>>>
definition reduct_set :: "'a form set \<Rightarrow> 'a set \<Rightarrow> 'a form set" where
  "reduct_set \<Gamma> X = (\<lambda>F. reduct F X) ` \<Gamma>"

definition stable_model :: "'a set \<Rightarrow> 'a form set \<Rightarrow> bool" where
  "stable_model X \<Gamma> = (sats X (reduct_set \<Gamma> X) \<and>
     \<not> (\<exists>Y. Y \<subset> X \<and> sats Y (reduct_set \<Gamma> X)))"

(* occurrences of atoms: (atom, positive?, in scope of negation?)
   positive = in the antecedent of an even number of implications;
   in scope of negation = inside the antecedent F of some subformula F \<rightarrow> Bot *)
fun occs :: "'a form \<Rightarrow> ('a \<times> bool \<times> bool) set" where
  "occs Bot = {}"
| "occs (Atom a) = {(a, True, False)}"
| "occs (And F G) = occs F \<union> occs G"
| "occs (Or F G) = occs F \<union> occs G"
| "occs (Imp F G) = (\<lambda>(a, p, n). (a, \<not> p, n \<or> G = Bot)) ` occs F \<union> occs G"

end

theory Submission
  imports Defs
begin

(* Call a formula Q-positive-guarded (Q-negative-guarded) when each of its positive
   (negative) occurrences of an atom from Q lies in the scope of a negation.  The
   central fact is a monotonicity property of reducts: for W \<subseteq> X, the truth of the
   reduct F^X in W is anti-monotone in the Q-atoms of W when F is Q-positive-guarded
   and monotone when F is Q-negative-guarded; an atom under a negation is invisible,
   since (G \<rightarrow> \<bottom>)^X only depends on X.

   Stable models of \<Gamma> \<union> {Def q \<leftrightarrow> q} are stable models of \<Gamma> \<union> {Def q \<rightarrow> q}: a
   reduct of Def q \<leftrightarrow> q implies the reduct of Def q \<rightarrow> q, and a smaller model Y
   of the weaker reduct is shrunk to one of the stronger reduct by keeping only the
   Q-atoms in the least fixed point of "q is supported by Def q" (Knaster-Tarski).
   Conversely, a stable model X of \<Gamma> \<union> {Def q \<rightarrow> q} satisfies q \<rightarrow> Def q, since
   otherwise X - {q} would violate its minimality. *)

lemma sat_reduct_self: "sat X (reduct F X) \<longleftrightarrow> sat X F"
  by (induction F) auto

lemma sat_reduct_subset: "W \<subseteq> X \<Longrightarrow> sat W (reduct F X) \<Longrightarrow> sat X F"
  by (cases F) (auto split: if_splits)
<<<
▶ _What you should do_: Repeat the records above exactly.

▶ _Your response_:
definition reduct_set :: "'a form set \<Rightarrow> 'a set \<Rightarrow> 'a form set" where
  "reduct_set \<Gamma> X = (\<lambda>F. reduct F X) ` \<Gamma>"

definition stable_model :: "'a set \<Rightarrow> 'a form set \<Rightarrow> bool" where
  "stable_model X \<Gamma> = (sats X (reduct_set \<Gamma> X) \<and>
     \<not> (\<exists>Y. Y \<subset> X \<and> sats Y (reduct_set \<Gamma> X)))"

(* occurrences of atoms: (atom, positive?, in scope of negation?)
   positive = in the antecedent of an even number of implications;
   in scope of negation = inside the antecedent F of some subformula F \<rightarrow> Bot *)
fun occs :: "'a form \<Rightarrow> ('a \<times> bool \<times> bool) set" where
  "occs Bot = {}"
| "occs (Atom a) = {(a, True, False)}"
| "occs (And F G) = occs F \<union> occs G"
| "occs (Or F G) = occs F \<union> occs G"
| "occs (Imp F G) = (\<lambda>(a, p, n). (a, \<not> p, n \<or> G = Bot)) ` occs F \<union> occs G"

end

theory Submission
  imports Defs
begin

(* Call a formula Q-positive-guarded (Q-negative-guarded) when each of its positive
   (negative) occurrences of an atom from Q lies in the scope of a negation.  The
   central fact is a monotonicity property of reducts: for W \<subseteq> X, the truth of the
   reduct F^X in W is anti-monotone in the Q-atoms of W when F is Q-positive-guarded
   and monotone when F is Q-negative-guarded; an atom under a negation is invisible,
   since (G \<rightarrow> \<bottom>)^X only depends on X.

   Stable models of \<Gamma> \<union> {Def q \<leftrightarrow> q} are stable models of \<Gamma> \<union> {Def q \<rightarrow> q}: a
   reduct of Def q \<leftrightarrow> q implies the reduct of Def q \<rightarrow> q, and a smaller model Y
   of the weaker reduct is shrunk to one of the stronger reduct by keeping only the
   Q-atoms in the least fixed point of "q is supported by Def q" (Knaster-Tarski).
   Conversely, a stable model X of \<Gamma> \<union> {Def q \<rightarrow> q} satisfies q \<rightarrow> Def q, since
   otherwise X - {q} would violate its minimality. *)

lemma sat_reduct_self: "sat X (reduct F X) \<longleftrightarrow> sat X F"
  by (induction F) auto

lemma sat_reduct_subset: "W \<subseteq> X \<Longrightarrow> sat W (reduct F X) \<Longrightarrow> sat X F"
  by (cases F) (auto split: if_splits)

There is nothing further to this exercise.